TNNI3
Troponin I (TnI), along with troponin T (TnT) and troponin C (TnC), is one of 3 subunits that form the troponin complex of the thin filaments of striated muscle. TnI is the inhibitory subunit; blocking actin-myosin interactions and thereby mediating striated muscle relaxation. The TnI subfamily contains three genes: TnI-skeletal-fast-twitch, TnI-skeletal-slow-twitch, and TnI-cardiac. This gene encodes the TnI-cardiac protein and is exclusively expressed in cardiac muscle tissues. Mutations in this gene cause familial hypertrophic cardiomyopathy type 7 (CMH7) and familial restrictive cardiomyopathy (RCM). [provided by RefSeq, Jul 2008]
Full Name
TNNI3 Gene(Protein Coding) Troponin I3, Cardiac Type
Function
Troponin I is the inhibitory subunit of troponin, the thin filament regulatory complex which confers calcium-sensitivity to striated muscle actomyosin ATPase activity.
Biological Process
Cardiac muscle contraction Source: UniProtKB
Cellular calcium ion homeostasis Source: UniProtKB
Heart contraction Source: UniProtKB
Heart development Source: UniProtKB
Muscle contraction Source: GO_Central
Muscle filament sliding Source: Reactome
Negative regulation of ATPase activity Source: UniProtKB
Regulation of cardiac muscle contraction by calcium ion signaling Source: CAFA
Regulation of systemic arterial blood pressure by ischemic conditions Source: UniProtKB
Skeletal muscle contraction Source: GO_Central
Vasculogenesis Source: UniProtKB
Ventricular cardiac muscle tissue morphogenesis Source: HGNC-UCL
Cellular Location
Cardiac Troponin complex; Troponin complex; Cytosol; Cardiac myofibril; Sarcomere
Involvement in disease
Cardiomyopathy, familial hypertrophic 7 (CMH7):
A hereditary heart disorder characterized by ventricular hypertrophy, which is usually asymmetric and often involves the interventricular septum. The symptoms include dyspnea, syncope, collapse, palpitations, and chest pain. They can be readily provoked by exercise. The disorder has inter- and intrafamilial variability ranging from benign to malignant forms with high risk of cardiac failure and sudden cardiac death.
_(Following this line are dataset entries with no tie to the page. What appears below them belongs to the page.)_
text \<open>Expectation over an i.i.d. sample X_1..X_n with marginal pmf f_{H*}
  (the theta_i integrate out; the sample space is countable).\<close>
definition sample_exp :: "real \<Rightarrow> real measure \<Rightarrow> nat \<Rightarrow> (nat list \<Rightarrow> real) \<Rightarrow> real" where
  "sample_exp \<kappa> Hs n F = infsum (\<lambda>xs. (\<Prod>x\<leftarrow>xs. fH \<kappa> Hs x) * F xs) {xs. length xs = n}"

definition hpd_mass :: "real \<Rightarrow> real measure \<Rightarrow> real \<Rightarrow> real" where
  "hpd_mass \<kappa> H k = (\<Sum>x. LINT \<theta>:{0..}|lborel.
      indicat_real {\<theta>. post \<kappa> H \<theta> x \<ge> k} \<theta> * pois \<theta> x * gH \<kappa> H \<theta>)"

definition khat :: "real \<Rightarrow> real measure \<Rightarrow> real \<Rightarrow> real" where
  "khat \<kappa> H \<beta> = Sup {k. k \<ge> 0 \<and> hpd_mass \<kappa> H k \<ge> 1 - \<beta>}"

definition Ihat :: "real \<Rightarrow> real measure \<Rightarrow> real \<Rightarrow> nat \<Rightarrow> real set" where
  "Ihat \<kappa> H \<beta> x = {\<theta>. \<theta> \<ge> 0 \<and> post \<kappa> H \<theta> x \<ge> khat \<kappa> H \<beta>}"

definition coverage :: "real \<Rightarrow> real measure \<Rightarrow> real measure \<Rightarrow> real \<Rightarrow> real" where
  "coverage \<kappa> Hs H \<beta> = (\<Sum>x. LINT \<theta>:{0..}|lborel.
      indicat_real (Ihat \<kappa> H \<beta> x) \<theta> * pois \<theta> x * gH \<kappa> Hs \<theta>)"

definition rate :: "real \<Rightarrow> real \<Rightarrow> nat \<Rightarrow> real" where
  "rate \<kappa> \<alpha> n = real n powr (- \<alpha>) * ln (real n) powr (pos_part (1 - \<kappa>) + \<alpha>)"

end

theory Submission
  imports Defs "HOL-Complex_Analysis.Complex_Analysis" "HOL-Real_Asymp.Real_Asymp"
begin

text \<open>
  Under its own prior \<open>H\<close> the HPD region has coverage exactly \<open>1 - \<beta>\<close>. For fixed \<open>x\<close> the
  posterior density is, up to a constant, \<open>\<theta>^(x+\<kappa>-1) e^-\<theta>\<close> times the Laplace transform of the
  compactly supported measure \<open>\<lambda>^\<kappa> dH\<close>; this extends holomorphically to the right half plane
  and is not constant, so its level sets are countable. Hence the posterior has no atoms under
  the joint law of \<open>(X, \<theta>)\<close>, the HPD mass \<open>k \<mapsto> P(\<pi>_H(\<theta>|X) \<ge> k)\<close> is continuous, and at the
  threshold \<open>khat\<close> (a supremum) the HPD mass is exactly \<open>1 - \<beta>\<close>.

  Replacing the prior by \<open>H*\<close> changes the joint law of every region by at most
  \<open>\<integral>|g_H - g_H*| = 2 TV(g_H, g_H*)\<close>, and \<open>TV \<le> 1\<close>; averaging over the sample turns the
  assumed TV rate into the coverage rate with \<open>C' = 2 C\<close>.
\<close>

lemma nn_integral_powr_exp_scaled:
  fixes a s c :: real
  assumes s: "s > 0" and c: "c > 0" and a: "a \<ge> 0"
  shows "(\<integral>\<^sup>+ t. ennreal (a * (indicator {0..} t * t powr (s - 1) * exp (- c * t))) \<partial>lborel)
         = ennreal (a * Gamma s / c powr s)"
proof -
  define I where "I = (\<integral>\<^sup>+ t. ennreal (indicator {0..} t * t powr (s - 1) * exp (- c * t)) \<partial>lborel)"
  have rescale: "indicator {0..} (c * t) * (c * t) powr (s - 1) / exp (c * t)
      = c powr (s - 1) * (indicator {0..} t * t powr (s - 1) * exp (- c * t))" for t
    using c by (cases "t \<ge> 0") (auto simp: powr_mult zero_le_mult_iff exp_minus field_simps)
  have "ennreal (Gamma s) = (\<integral>\<^sup>+ t. ennreal (indicator {0..} t * t powr (s - 1) / exp t) \<partial>lborel)"
    using Gamma_conv_nn_integral_real[OF s] by simp
  also have "\<dots> = ennreal c * (\<integral>\<^sup>+ t. ennreal (c powr (s - 1)) * ennreal (indicator {0..} t * t powr (s - 1) * exp (- c * t)) \<partial>lborel)"
    using nn_integral_real_affine[of "\<lambda>t. ennreal (indicator {0..} t * t powr (s - 1) / exp t)" c 0] c
    by (simp add: rescale ennreal_mult)
  also have "\<dots> = ennreal (c * c powr (s - 1)) * I"
    unfolding I_def using c by (simp add: nn_integral_cmult ennreal_mult mult.assoc)
  also have "c * c powr (s - 1) = c powr s"
    using c by (simp add: powr_diff)
  finally have I: "I = ennreal (Gamma s / c powr s)"
    using c Gamma_real_pos[OF s]
    by (metis divide_ennreal ennreal_mult_divide_eq ennreal_eq_0_iff ennreal_neq_top
        less_le_not_le mult.commute powr_gt_zero)
  have "(\<integral>\<^sup>+ t. ennreal (a * (indicator {0..} t * t powr (s - 1) * exp (- c * t))) \<partial>lborel) = ennreal a * I"
    unfolding I_def using a by (simp add: ennreal_mult nn_integral_cmult)
  also have "\<dots> = ennreal (a * (Gamma s / c powr s))"
    unfolding I using a Gamma_real_pos[OF s] c by (intro ennreal_mult[symmetric]) auto
  finally show ?thesis by simp
qed
text \<open>If \<open>f \<in> V\<close> then \<open>energy K f l\<close> is the squared distance from \<open>f\<close> to the kernel
  combination \<open>l\<close> minus \<open>ip f f\<close> (lemma \<open>energy_eq_hdist\<close>), but it only involves the values
  of \<open>f\<close>; a minimising sequence is therefore Cauchy and converges to \<open>f\<close>, which shows
  \<open>f \<in> V\<close> from rank-one domination alone.\<close>

definition energy :: "('z \<Rightarrow> 'z \<Rightarrow> real) \<Rightarrow> ('z \<Rightarrow> real) \<Rightarrow> 'z comb \<Rightarrow> real" where
  "energy K f l = gram K l l - 2 * comb_eval f l"

lemma energy_lower_bound:
  assumes c: "0 \<le> c" and dom: "pos_def_kernel Z (\<lambda>x y. c * K x y - f x * f y)"
    and K: "pos_def_kernel Z K" and l: "nodes_in Z l"
  shows "- c \<le> energy K f l"
proof -
  have "(comb_eval f l)\<^sup>2 \<le> c * gram K l l"
    using pos_def_kernel_gram_nonneg[OF dom l]
    by (simp add: gram_kernel_diff gram_kernel_scale gram_rank_one power2_eq_square)
  moreover have "0 \<le> gram K l l" using pos_def_kernel_gram_nonneg[OF K l] .
  moreover have "(c + gram K l l)\<^sup>2 - 4 * (c * gram K l l) = (c - gram K l l)\<^sup>2"
    by (simp add: power2_eq_square algebra_simps)
  ultimately have "(2 * comb_eval f l)\<^sup>2 \<le> (c + gram K l l)\<^sup>2"
    by (simp add: power_mult_distrib) (smt (verit) zero_le_power2)
  then have "2 * comb_eval f l \<le> c + gram K l l"
    by (rule power2_le_imp_le) (use c \<open>0 \<le> gram K l l\<close> in simp)
  then show ?thesis by (simp add: energy_def)
qed
(* Let $\Gamma$ be a cofinite discrete subgroup of $\mathrm{SL}_2(\mathbb{R})$ with cusps, $r\in\mathbb{C}$, $v$ a multiplier system for weight $r$, $z_0\in\mathbb{H}$, and $F\in A_r(\Gamma,v)$. (i) The map $\gamma\mapsto\psi^{z_0}_{F,\gamma}$ is an element of $Z^1(\Gamma;\mathcal{D}^\omega_{v,2-r})$. (ii) The cohomology class of $\psi^{z_0}_F$ in $H^1(\Gamma;\mathcal{D}^\omega_{v,2-r})$ does not depend on $z_0$, so $F\mapsto[\psi^{z_0}_F]$ is a well-defined linear map $\mathrm{coh}^\omega_r:A_r(\Gamma,v)\to H^1(\Gamma;\mathcal{D}^\omega_{v,2-r})$. (iii) If $r\in\mathbb{Z}_{\ge2}$ then $\mathrm{coh}^\omega_r A_r(\Gamma,v)\subset H^1(\Gamma;\mathcal{D}^{\mathrm{pol}}_{v,2-r})$.
   Context: $\mathbb{H}$ upper, $\mathbb{H}^-$ lower half-plane; $\Gamma\ni-I$ discrete, $\Gamma\backslash\mathbb{H}$ of finite volume and noncompact. Argument convention: $\arg(cz+d)\in(-\pi,\pi]$ for $z\in\mathbb{H}$, $[-\pi,\pi)$ for $z\in\mathbb{H}^-$. A multiplier system for weight $r$: $v:\Gamma\to\mathbb{C}^*$ with $j(\gamma,z)=v(\gamma)(cz+d)^r$ satisfying $j(\gamma\delta,z)=j(\gamma,\delta z)j(\delta,z)$, $j(-\gamma,z)=j(\gamma,z)$. $A_r(\Gamma,v)$: holomorphic $F$ on $\mathbb{H}$ with $v(\gamma)^{-1}(cz+d)^{-r}F(\gamma z)=F(z)$ for $\gamma=\begin{pmatrix}*&*\\c&d\end{pmatrix}\in\Gamma$. $\psi^{z_0}_{F,\gamma}(t)=\int_{\gamma^{-1}z_0}^{z_0}(z-t)^{r-2}F(z)dz$ for $t\in\mathbb{H}^-$, with $-\pi/2<\arg(z-t)<3\pi/2$. $\Gamma$ acts on functions on $\mathbb{H}^-$ by $(\varphi|_{v,2-r}\gamma)(t)=v(\gamma)^{-1}(ct+d)^{r-2}\varphi(\gamma t)$. $\mathcal{D}^\omega_{v,2-r}$: holomorphic $\varphi$ on $\mathbb{H}^-$ such that $(i-t)^{2-r}\varphi(t)$ ($\arg(i-t)\in(-\pi/2,3\pi/2)$) extends holomorphically to an open neighbourhood of $\mathbb{H}^-\cup\mathbb{P}^1(\mathbb{R})$ in $\mathbb{P}^1(\mathbb{C})$, with this action. For $r\in\mathbb{Z}_{\ge2}$, $\mathcal{D}^{\mathrm{pol}}_{v,2-r}$ is the submodule of polynomial functions of degree at most $r-2$; $H^1(\Gamma;\mathcal{D}^{\mathrm{pol}}_{v,2-r})$ is regarded via the natural map into $H^1(\Gamma;\mathcal{D}^\omega_{v,2-r})$ (statement (iii) means the cocycles take values in $\mathcal{D}^{\mathrm{pol}}_{v,2-r}$). *)

theory Defs
  imports "HOL-Complex_Analysis.Complex_Analysis" "HOL-Computational_Algebra.Polynomial"
begin

section \<open>2x2 real matrices (a,b,c,d) = [[a,b],[c,d]]\<close>

type_synonym mat2 = "real \<times> real \<times> real \<times> real"

definition mmul :: "mat2 \<Rightarrow> mat2 \<Rightarrow> mat2" where
  "mmul g h = (case g of (a,b,c,d) \<Rightarrow> case h of (a',b',c',d') \<Rightarrow>
     (a*a' + b*c', a*b' + b*d', c*a' + d*c', c*b' + d*d'))"

definition mdet :: "mat2 \<Rightarrow> real" where
  "mdet g = (case g of (a,b,c,d) \<Rightarrow> a*d - b*c)"

(* inverse of a determinant-one matrix *)
definition minv :: "mat2 \<Rightarrow> mat2" where
  "minv g = (case g of (a,b,c,d) \<Rightarrow> (d, -b, -c, a))"

definition mneg :: "mat2 \<Rightarrow> mat2" where
  "mneg g = (case g of (a,b,c,d) \<Rightarrow> (-a, -b, -c, -d))"

definition I2 :: mat2 where "I2 = (1, 0, 0, 1)"

definition cdf :: "mat2 \<Rightarrow> complex \<Rightarrow> complex" where
  "cdf g z = (case g of (a,b,c,d) \<Rightarrow> of_real c * z + of_real d)"

definition moeb :: "mat2 \<Rightarrow> complex \<Rightarrow> complex" where
  "moeb g z = (case g of (a,b,c,d) \<Rightarrow> (of_real a * z + of_real b) / (of_real c * z + of_real d))"

definition Upper :: "complex set" where "Upper = {z. 0 < Im z}"
definition Lower :: "complex set" where "Lower = {z. Im z < 0}"

definition discrete_subgroup_SL2 :: "mat2 set \<Rightarrow> bool" where
  "discrete_subgroup_SL2 \<Gamma> \<longleftrightarrow>
     (\<forall>g\<in>\<Gamma>. mdet g = 1) \<and> I2 \<in> \<Gamma> \<and>
     (\<forall>g\<in>\<Gamma>. \<forall>h\<in>\<Gamma>. mmul g h \<in> \<Gamma>) \<and> (\<forall>g\<in>\<Gamma>. minv g \<in> \<Gamma>) \<and>
     (\<forall>g\<in>\<Gamma>. \<exists>e>0. \<forall>h\<in>\<Gamma>. dist h g < e \<longrightarrow> h = g)"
Cardiomyopathy, familial restrictive 1 (RCM1):
A heart disorder characterized by impaired filling of the ventricles with reduced diastolic volume, in the presence of normal or near normal wall thickness and systolic function.
Cardiomyopathy, dilated 2A (CMD2A):
A disorder characterized by ventricular dilation and impaired systolic function, resulting in congestive heart failure and arrhythmia. Patients are at risk of premature death.
Cardiomyopathy, dilated 1FF (CMD1FF):
A disorder characterized by ventricular dilation and impaired systolic function, resulting in congestive heart failure and arrhythmia. Patients are at risk of premature death.
PTM
Phosphorylated at Ser-42 and Ser-44 by PRKCE; phosphorylation increases myocardium contractile dysfunction (By similarity). Phosphorylated at Ser-23 and Ser-24 by PRKD1; phosphorylation reduces myofilament calcium sensitivity. Phosphorylated preferentially at Thr-31. Phosphorylation by STK4/MST1 alters its binding affinity to TNNC1 (cardiac Tn-C) and TNNT2 (cardiac Tn-T).